• [Data listing]
(* Let $\alpha\approx1.46557$ be the real root of $x^3-x^2-1$ between $1$ and $2$. Every forest of order $n$ has at most $\alpha^n$ induced matchings, and the number of induced matchings of the path on $n$ vertices is $\Theta(\alpha^n)$.
   Context: An induced matching of a graph $G=(V,E)$ is here a set $D\subseteq V$ such that every vertex of $D$ has exactly one neighbour in $D$ (a $(\{1\},\mathbb{N})$-dominating set); the empty set counts. Order = number of vertices. *)

theory Defs
  imports Complex_Main "HOL-Library.Landau_Symbols"
begin

definition simple_graph :: "'a set \<Rightarrow> ('a \<Rightarrow> 'a \<Rightarrow> bool) \<Rightarrow> bool" where
  "simple_graph V E \<longleftrightarrow> finite V \<and> (\<forall>x y. E x y \<longrightarrow> x \<in> V \<and> y \<in> V)
     \<and> (\<forall>x y. E x y \<longrightarrow> E y x) \<and> (\<forall>x. \<not> E x x)"

definition is_cycle :: "('a \<Rightarrow> 'a \<Rightarrow> bool) \<Rightarrow> 'a list \<Rightarrow> bool" where
  "is_cycle E cs \<longleftrightarrow> length cs \<ge> 3 \<and> distinct cs
     \<and> (\<forall>i. Suc i < length cs \<longrightarrow> E (cs ! i) (cs ! Suc i))
     \<and> E (last cs) (hd cs)"

definition forest :: "'a set \<Rightarrow> ('a \<Rightarrow> 'a \<Rightarrow> bool) \<Rightarrow> bool" where
  "forest V E \<longleftrightarrow> simple_graph V E \<and> (\<nexists>cs. set cs \<subseteq> V \<and> is_cycle E cs)"

definition induced_matching :: "'a set \<Rightarrow> ('a \<Rightarrow> 'a \<Rightarrow> bool) \<Rightarrow> 'a set \<Rightarrow> bool" where
  "induced_matching V E D \<longleftrightarrow> D \<subseteq> V \<and> (\<forall>v\<in>D. card {u\<in>D. E v u} = 1)"

definition num_induced_matchings :: "'a set \<Rightarrow> ('a \<Rightarrow> 'a \<Rightarrow> bool) \<Rightarrow> nat" where
  "num_induced_matchings V E = card {D. induced_matching V E D}"

definition path_adj :: "nat \<Rightarrow> nat \<Rightarrow> bool" where
  "path_adj i j \<longleftrightarrow> i + 1 = j \<or> j + 1 = i"

definition alpha :: real where
  "alpha = (THE x. 1 < x \<and> x < 2 \<and> x ^ 3 - x ^ 2 - 1 = 0)"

• [Your goal]
Find the string "longrightarrow" in the material above. Then copy each line that has it.

• [Result of the task]
  "simple_graph V E \<longleftrightarrow> finite V \<and> (\<forall>x y. E x y \<longrightarrow> x \<in> V \<and> y \<in> V)
     \<and> (\<forall>x y. E x y \<longrightarrow> E y x) \<and> (\<forall>x. \<not> E x x)"
     \<and> (\<forall>i. Suc i < length cs \<longrightarrow> E (cs ! i) (cs ! Suc i))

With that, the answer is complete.